By Ramona Ursu
As brokers who trade exclusively in matching buyers and sellers of apartment buildings, we sometimes run into the issue of mixed-use assets, such as when a rental building hosts retail on the first floor, or when part of the apartment building is, or becomes, office space.
For investors, or owners of apartment buildings, here are some items to consider:
One of our clients ran into this issue while owning a small apartment unit downtown, and finding one of her tenants operated his office out of the rental unit. At first, this seemed harmless since the apartment was rented at a premium rental rate. However, due to the business of the tenant becoming visible to the regulatory bodies, our client received her building tax with a surprising increase, reflective of one of her units being reclassified as “commercial use”. An owner needs to weigh the pros and cons of obtaining a rental increase for commercial use of a residential unit. While this situation is reversible, we believe it should be avoided when possible.
Net operating income variance:
Note that if the use of the commercial unit is temporary, the value of your building is not automatically increased. The way the bank would underwrite the value is based on normalized income, not actual. If the use of the commercial unit is recent, but not temporary, an associated increase in opex (taxation) needs to be considered even if such taxation did not yet come into effect (sometimes it takes municipalities several months or years to catch up).

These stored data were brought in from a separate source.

lemma call_index:
  assumes "(P, i) \<in> set2_tr \<eta>"
  shows "i - 1 < length ss" "wt (inp T1) (ss ! (i - 1))"
proof -
  from That_rule_varD[OF That_rule assms] wt_input show "i - 1 < length ss" by auto
  with wt_input show "wt (inp T1) (ss ! (i - 1))" by simp
qed

lemma leaf_shape:
  assumes "y \<in> set2_tr \<zeta>"
  obtains p q'' S'' i where "y = (p, Lf ((q'', S''), i))" "((q'', S''), i) \<in> set2_tr \<eta>" "p \<in> S''"
proof -
  from assms consistent obtain p q'' S'' i where "y = (p, Lf ((q'', S''), i))" "p \<in> S''"
    unfolding states_consistent_def by blast
  moreover from this(1) have "((q'', S''), i) \<in> set2_tr \<eta>"
    using T2_translation_leaf_origin[OF That_rule translation] assms by blast
  ultimately show ?thesis using that by blast
qed

lemma graft_composition:
  assumes "runs_at_calls tc" "leafwise (runs_on_choice tc) \<zeta> W"
  shows "runH (q, S) (T a ss) (graft tc \<eta>) \<and> big_step (rl T2) (Lf (q', ground (graft tc \<eta>))) W"
proof
  have "leafwise (var_runs (rl That) (map ground ss)) \<eta> (emb (graft tc \<eta>))"
  proof (rule leafwise_graft)
    fix x assume x: "x \<in> set2_tr \<eta>"
    obtain P i where x_eq: "x = (P, i)" by fastforce
    have "runH P (ss ! (i - 1)) (tc x)"
      using bspec[OF assms(1)[unfolded runs_at_calls_def] x] x_eq by simp
    with call_index(1)[OF x[unfolded x_eq]] x_eq
    show "var_runs (rl That) (map ground ss) x (emb (tc x))" by simp
  qed
  then show "runH (q, S) (T a ss) (graft tc \<eta>)"
    using That_rule by (auto simp: big_step_subst_rhs_iff intro: big_step_rule)
  have "inputs_ranked (snd (inp T2)) (Lf (q', \<eta>))"
    using rhs_wf_ranked[OF rules_wfD[OF rules_wf_That That_rule]] by (simp add: inputs_ranked_Lf)
  from big_step_subst_inputs[OF translation this rules_wf_vars_in_range[OF rules_wf_T2] assms(2)]
  show "big_step (rl T2) (Lf (q', ground (graft tc \<eta>))) W"
    by (simp add: subst_tr_emb)
qed

lemma exists_T2_outputs:
  assumes "runs_at_calls tc" "y0 \<in> set2_tr \<zeta>" "runs_on_choice tc y0 (emb r0)"
  shows "\<exists>oc. leafwise (runs_on_choice tc) \<zeta> (emb (graft oc \<zeta>)) \<and> oc y0 = r0"
proof -
  have "\<exists>r. runs_on_choice tc y (emb r)" if y: "y \<in> set2_tr \<zeta>" for y
  proof -
    obtain p q'' S'' i where leaf: "y = (p, Lf ((q'', S''), i))" "((q'', S''), i) \<in> set2_tr \<eta>" "p \<in> S''"
      using y by (rule leaf_shape)
    have "runH (q'', S'') (ss ! (i - 1)) (tc ((q'', S''), i))"
      using bspec[OF assms(1)[unfolded runs_at_calls_def] leaf(2)] by simp
    from run_That_defined_on[OF this] call_index[OF leaf(2)] leaf(3)
    obtain r where "run2 p (tc ((q'', S''), i)) r"
      unfolding defined_on_def by blast
    then show ?thesis using leaf(1) by auto
  qed
  then have "\<forall>y\<in>set2_tr \<zeta>. \<exists>r. runs_on_choice tc y (emb r)" by blast
  from bchoice[OF this] obtain oc where oc: "\<forall>y\<in>set2_tr \<zeta>. runs_on_choice tc y (emb (oc y))" ..
  have "runs_on_choice tc y (emb ((oc(y0 := r0)) y))" if "y \<in> set2_tr \<zeta>" for y
    using oc that assms(3) by (cases "y = y0") simp_all
  then have "leafwise (runs_on_choice tc) \<zeta> (emb (graft (oc(y0 := r0)) \<zeta>))"
    by (rule leafwise_graft)
  then show ?thesis by (intro exI[of _ "oc(y0 := r0)"]) simp
qed

lemma functional_at_leaf:
  assumes "runs_at_calls tc0" "functional_at (q, S) q' (T a ss)"
    "(p, Lf ((q'', S''), i)) \<in> set2_tr \<zeta>"
  shows "functional_at (q'', S'') p (ss ! (i - 1))"
  unfolding functional_at_def
proof (intro allI impI)
  let ?v = "((q'', S''), i)"
  have compose: "\<exists>oc. runH (q, S) (T a ss) (graft (tc0(?v := t)) \<eta>) \<and>
      run2 q' (graft (tc0(?v := t)) \<eta>) (graft oc \<zeta>) \<and> oc (p, Lf ?v) = r"
    if "runH (q'', S'') (ss ! (i - 1)) t" "run2 p t r" for t r
  proof -
    have "runs_at_calls (tc0(?v := t))"
      using assms(1) that(1) by (auto simp: runs_at_calls_def)
    moreover from exists_T2_outputs[OF this assms(3)] that(2)
    obtain oc where "leafwise (runs_on_choice (tc0(?v := t))) \<zeta> (emb (graft oc \<zeta>))" "oc (p, Lf ?v) = r"
      by auto
    ultimately show ?thesis using graft_composition by blast
  qed
  fix t1 t2 r1 r2
  assume "runH (q'', S'') (ss ! (i - 1)) t1" "run2 p t1 r1"
    "runH (q'', S'') (ss ! (i - 1)) t2" "run2 p t2 r2"
  then obtain oc1 oc2 where
    1: "runH (q, S) (T a ss) (graft (tc0(?v := t1)) \<eta>)" "run2 q' (graft (tc0(?v := t1)) \<eta>) (graft oc1 \<zeta>)"
      "oc1 (p, Lf ?v) = r1" and
    2: "runH (q, S) (T a ss) (graft (tc0(?v := t2)) \<eta>)" "run2 q' (graft (tc0(?v := t2)) \<eta>) (graft oc2 \<zeta>)"
      "oc2 (p, Lf ?v) = r2"
    using compose by meson
  have "graft oc1 \<zeta> = graft oc2 \<zeta>"
    using assms(2) 1 2 unfolding functional_at_def by blast
  then have "oc1 (p, Lf ?v) = oc2 (p, Lf ?v)" by (rule graft_eq_leafD[OF _ assms(3)])
  with 1 2 show "r1 = r2" by simp
qed

lemma exists_runs_at_calls:
  assumes "\<forall>i<length ls. calls \<eta> (Suc i) \<subseteq> ls ! i" "length ls = length ss"
    "\<And>i. i < length ss \<Longrightarrow> ss ! i \<in> tdom (dom_aut That) (ls ! i)"
  shows "\<exists>tc. runs_at_calls tc"
proof -
  have "\<exists>t. runH (fst x) (ss ! (snd x - 1)) t" if x: "x \<in> set2_tr \<eta>" for x
  proof -
    obtain P i where x_eq: "x = (P, i)" by fastforce
    with x have i: "i - 1 < length ss" "Suc (i - 1) = i"
      using call_index(1) That_rule_varD[OF That_rule] by fastforce+
    have "calls \<eta> (Suc (i - 1)) \<subseteq> ls ! (i - 1)" using assms(1,2) i(1) by simp
    moreover have "P \<in> calls \<eta> (Suc (i - 1))" using x x_eq i(2) by (simp add: calls_def)
    ultimately have "P \<in> ls ! (i - 1)" by blast
    with tdom_imp_run_That assms(3)[OF i(1)] have "\<exists>t. runH P (ss ! (i - 1)) t" by blast
    with x_eq show ?thesis by simp
  qed
  then have "\<forall>x\<in>set2_tr \<eta>. \<exists>t. runH (fst x) (ss ! (snd x - 1)) t" by blast
  from bchoice[OF this] show ?thesis unfolding runs_at_calls_def .
qed

lemma functional_leaf_output:
  assumes "runs_at_calls tc" "functional_at (q, S) q' (T a ss)" "(p, Lf ((q'', S''), i)) \<in> set2_tr \<zeta>"
    "runH (q'', S'') (ss ! (i - 1)) t" "run2 p t u"
  shows "run2 p (tc ((q'', S''), i)) u"
proof -
  have leaf: "((q'', S''), i) \<in> set2_tr \<eta>" "p \<in> S''"
    by (rule leaf_shape[OF assms(3)], simp)+
  have chosen: "runH (q'', S'') (ss ! (i - 1)) (tc ((q'', S''), i))"
    using bspec[OF assms(1)[unfolded runs_at_calls_def] leaf(1)] by simp
  obtain u' where u': "run2 p (tc ((q'', S''), i)) u'"
    using run_That_defined_on[OF chosen call_index(2)[OF leaf(1)]] leaf(2)
    unfolding defined_on_def by blast
  have "u' = u"
    using functional_at_leaf[OF assms(1-3)] chosen u' assms(4,5) unfolding functional_at_def by blast
  with u' show ?thesis by simp
qed
end

context tt_composition
begin
text \<open>Sort the indices by the least index of their fibre, so that each fibre of f becomes a
  contiguous block, and rotate by half.\<close>
lemma exists_perm_moving_fibres:
  fixes f :: "nat \<Rightarrow> 'b"
  assumes fibres: "\<forall>i<r. 2 * card {j. j < r \<and> f j = f i} \<le> r"
  shows "\<exists>\<sigma>. \<sigma> permutes {..<r} \<and> (\<forall>i<r. f (\<sigma> i) \<noteq> f i) \<and> (even r \<longrightarrow> \<sigma> \<circ> \<sigma> = id)"
proof -
  define key where "key i = (LEAST j. f j = f i)" for i
  have "f (key i) = f i" for i unfolding key_def by (rule LeastI[of _ i]) simp
  then have key_eq: "key i = key j \<longleftrightarrow> f i = f j" for i j
    unfolding key_def by metis
  define xs where "xs = sort_key key [0..<r]"
  have xs: "sorted (map key xs)" "distinct xs" "length xs = r" "set xs = {..<r}"
    unfolding xs_def by auto
  have "{y \<in> set xs. key y = key x} = {j. j < r \<and> f j = f x}" for x
    using xs(4) key_eq by auto
  then have moves: "key (xs ! half_rotation r k) \<noteq> key (xs ! k)" if "k < r" for k
    using sorted_half_rotation_changes_key[OF xs(1-3) that] fibres xs(4) by simp
  define \<pi> where "\<pi> k = (if k < r then xs ! k else k)" for k
  have "bij_betw ((!) xs) {..<r} {..<r}" using bij_betw_nth[OF xs(2)] xs(3,4) by simp
  then have "bij_betw \<pi> {..<r} {..<r}" by (rule bij_betw_cong[THEN iffD1, rotated]) (simp add: \<pi>_def)
  then have \<pi>: "\<pi> permutes {..<r}" by (rule bij_imp_permutes) (simp add: \<pi>_def)
  define \<sigma> where "\<sigma> = \<pi> \<circ> half_rotation r \<circ> inv \<pi>"
  have "\<sigma> permutes {..<r}"
    unfolding \<sigma>_def by (intro permutes_compose permutes_inv \<pi> half_rotation_permutes)
  moreover have "f (\<sigma> i) \<noteq> f i" if "i < r" for i
  proof -
    define k where "k = inv \<pi> i"
    have "k < r" using permutes_in_image[OF permutes_inv[OF \<pi>]] that k_def by auto
    then have "i = xs ! k" using permutes_inverses(1)[OF \<pi>, of i] k_def \<pi>_def by simp
    moreover have "\<sigma> i = xs ! half_rotation r k"
      using permutes_in_image[OF half_rotation_permutes] \<open>k < r\<close>
      unfolding \<sigma>_def k_def \<pi>_def by simp
    ultimately show ?thesis using moves[OF \<open>k < r\<close>] key_eq by metis
  qed
  moreover have "\<sigma> \<circ> \<sigma> = id" if "even r"
    unfolding \<sigma>_def
    by (rule ext) (simp add: permutes_inverses[OF \<pi>] half_rotation_involution[OF that])
  ultimately show ?thesis by blast
qed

Professional buyers and those versed in owning apartment buildings will need no introduction on how key a CMHC-insured mortgage is to their bottom line. For the general audience: our government recognizes housing is important and something they want to encourage (developing new affordable housing, keeping costs of housing low). It does so in part by giving insurance to lenders of apartment building assets, which in turn allows lenders be more risky.
If you invest in an apartment building, you get CMHC as a borrower, with the benefit of more money (70+ per cent) and a lower interest rate. CMHC is not generally available for mixed-used assets (there is a disqualifying percentage threshold for the retail component). No CMHC equals higher (regular) interest rates and therefore a higher cash down payment requirement. As a seller, you must understand this limits the pool of buyers. As a buyer (even one with available cash), you must realize you will one day have the same issue when selling the building.
Commercial tenants are very different than residential tenants. Even an experienced owner of apartment buildings can face new issues when dealing with commercial tenants. Recovery of taxes, management of traffic, noise and loitering, operating hours and many more items can affect the management of the building and residential tenant pool, and ultimately have an impact on the value. The most important issue is keeping the space leased. Retail and commercial spaces have been significantly affected in recent years as people can shop online and work online; an apartment building investor generally invests in this asset type because however the world changes, people can’t live online. This simple fact brings a different level of comfort to one’s investment, which generally doesn’t match the risk factor associated with commercial tenancies.